EA and onset of LBP : On the basis of 3 studies, 1 moderate and 2 high RoB, with consistency in magnitude of effect, we find low-to-moderate confidence that EA has no association with the onset of new LBP in adults when followed for at least 2 years.

EA and outcomes of acute LBP : On the basis of 9 of 11 studies, 6 moderate and 3 high RoB, we have moderate confidence that EA when collected at inception shows a significant association with LBP symptom severity measured at least 3 months later. We find low confidence based on 5 of 11 studies, 2 moderate and 3 high RoB, of a similar association when the outcome is pain-related disability.

EA and outcomes of subacute LBP : On the basis of 7 of 9 studies, 2 low, 3 moderate, and 2 high RoB, we find inconsistent evidence and very low confidence in any association between EA and subsequent outcomes of pain severity when participants are incepted at the subacute (8–12 weeks from onset) stage. We find inconsistent evidence based on 3 of 5 studies (1 low, moderate and high RoB) and very low confidence for no association between EA and disability at least 3 months later. Significant heterogeneity in case definitions and effect sizes preclude more definitive findings.

We have conducted a rigorous and systematic search, extraction, and pooling of effects to explore the associations between a key indicator of socioeconomic status (highest level of education completed) and each of onset of new LBP, outcomes of acute LBP, or outcomes of subacute LBP. This represents part of an ongoing set of reviews exploring the social determinants of health and their associations with LBP, conceptualized herein as evaluating whether lower EA (high school or less) functions as either a potential risk or prognostic factor for onset or outcome of LBP, respectively. As observational studies, these are inherently vulnerable to confounding bias from several other potential variables meaning causation should not be assumed. Based on the strength and effects of available evidence, we have moderate confidence in a significant negative association between EA and pain severity or disability outcomes of acute LBP in which higher EA may offer some protection against poor outcomes, low confidence that EA has no association with onset of new LBP, and very low confidence of any association between EA and outcome when starting from the subacute LBP stage.

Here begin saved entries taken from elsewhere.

text \<open>Support functionals at \<open>y - w / (k + 1)\<close> are nonpositive at \<open>w\<close>; a weak-star cluster
  point of them is a support functional at \<open>y\<close>.\<close>

lemma birkhoff_orthogonal_support_functional_nonpos:
  fixes y w :: "'a::real_normed_vector"
  assumes smooth: "smooth_space TYPE('a)" and "y \<noteq> 0" and orth: "birkhoff_orthogonal y w"
  obtains h where "h \<in> duality_map y" "blinfun_apply h w \<le> 0"
proof -
  define t where "t k = inverse (real (Suc k))" for k
  have t_pos: "t k > 0" for k by (simp add: t_def)
  have "norm y \<le> norm (y - t k *\<^sub>R w)" for k
    using orth unfolding birkhoff_orthogonal_def by (metis diff_conv_add_uminus scaleR_minus_left)
  then have "y - t k *\<^sub>R w \<noteq> 0" for k using \<open>y \<noteq> 0\<close> by (metis norm_zero norm_le_zero_iff)
  then have "\<exists>f. f \<in> duality_map (y - t k *\<^sub>R w)" for k
    using smooth_space_duality_map_nonempty[OF smooth] by metis
  then obtain g where g: "\<And>k. g k \<in> duality_map (y - t k *\<^sub>R w)" by metis
  note g_bounds = birkhoff_orthogonal_perturbed_support_functional[OF orth t_pos g]
  have "norm (g k) \<le> 1" for k using g[of k] by (simp add: duality_map_def)
  then obtain h where norm_h: "norm h \<le> 1" and limit: "\<And>C. closed C
      \<Longrightarrow> eventually (\<lambda>k. blinfun_apply (g k) \<in> C) sequentially \<Longrightarrow> blinfun_apply h \<in> C"
    using blinfun_sequence_pointwise_cluster_point by blast
  have "blinfun_apply h \<in> {f. f w \<le> 0}"
    by (rule limit) (auto intro!: closed_Collect_le continuous_intros simp: g_bounds(1))
  then have h_w: "h w \<le> 0" by simp
  have "norm y - t m * norm w \<le> h y" for m
  proof -
    have "eventually (\<lambda>k. blinfun_apply (g k) \<in> {f. norm y - t m * norm w \<le> f y}) sequentially"
      unfolding eventually_sequentially
    proof (intro exI allI impI)
      fix k assume "m \<le> k"
      then have "t k * norm w \<le> t m * norm w" by (simp add: t_def field_simps mult_right_mono)
      then show "blinfun_apply (g k) \<in> {f. norm y - t m * norm w \<le> f y}"
        using g_bounds(2)[of k] by simp
    qed
    then have "blinfun_apply h \<in> {f. norm y - t m * norm w \<le> f y}"
      by (intro limit) (auto intro!: closed_Collect_le continuous_intros)
    then show ?thesis by simp
  qed
  moreover have "(\<lambda>m. norm y - t m * norm w) \<longlonglongrightarrow> norm y - 0 * norm w"
    unfolding t_def by (intro tendsto_intros LIMSEQ_inverse_real_of_nat)
  ultimately have "norm y \<le> h y" using LIMSEQ_le_const2 by force
  moreover have "h y \<le> norm h * norm y" using norm_blinfun[of h y] by simp
  moreover have "norm h * norm y \<le> norm y" using norm_h by (simp add: mult_left_le_one_le)
  ultimately have "h y = norm y" "1 * norm y \<le> norm h * norm y" by linarith+
  moreover from this(2) have "norm h = 1" using norm_h \<open>y \<noteq> 0\<close> by simp
  ultimately show ?thesis using that h_w by (simp add: duality_map_def)
qed
theorem corollary1:
  fixes s2 I :: real and Sig :: "real^'j^'j" and A :: "real^'p^'j" and xs :: "real^'j"
  assumes "CARD('p) \<le> CARD('j)"
    and "s2 > 0" and "I > 0"
    and "transpose Sig = Sig" and "\<forall>x. x \<bullet> (Sig *v x) \<ge> 0"
    and "rank A = CARD('p)"
    and "is_design I xs" and "\<forall>j. xs $ j > 0"
  shows "locally_D_optimal s2 Sig A I xs \<longleftrightarrow>
         (\<forall>j k. I * psi s2 Sig A xs j = I * psi s2 Sig A xs k)"
proof -
  interpret covariance_model s2 Sig
    using assms(2,4,5) by unfold_locales auto
  have est: "estimable A xs"
    using assms(6,8) by (simp add: estimable_iff less_le)
  show ?thesis
  proof
    assume "locally_D_optimal s2 Sig A I xs"
    thus "\<forall>j k. I * psi s2 Sig A xs j = I * psi s2 Sig A xs k"
      using psi_le_if_D_optimal assms(8) by (metis order_antisym)
  next
    assume "\<forall>j k. I * psi s2 Sig A xs j = I * psi s2 Sig A xs k"
    thus "locally_D_optimal s2 Sig A I xs"
      using D_optimal_if_psi_const[OF assms(7) est] assms(3) by simp
  qed
qed

end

While to our knowledge, the quantitative synthesis of evidence related to new-onset LBP is novel, our results are largely consistent with those of other reviews in acute or subacute LBP, each of which included EA as part of a larger set of potential prognostic variables and few of which conducted meta-analyses. Previous LBP studies have failed to establish an association between EA and LBP outcomes for various reasons such as a small sample size to statistically power the study to detect effects [ 43 ], lack of uniform study design [ 49 ] and heterogeneous population, among others. For example, a review by Batista et al [ 49 ] reported that people with higher EA are less often affected by the occurrence of LBP. However, that review included multiple study designs that might have added statistical noise to the estimates of effect. Cancelliere and colleagues [ 50 ] based on best evidence synthesis of systematic reviews on factors affecting return to work after injury or illness identified higher EA and socioeconomic status among factors associated with positive return-to-work outcomes. A similar review by Dionne and colleagues [ 51 ] included multiple study designs that could not allow established prediction or causation, though that review concluded that people with lower EA are more likely to be affected by disabling LBP.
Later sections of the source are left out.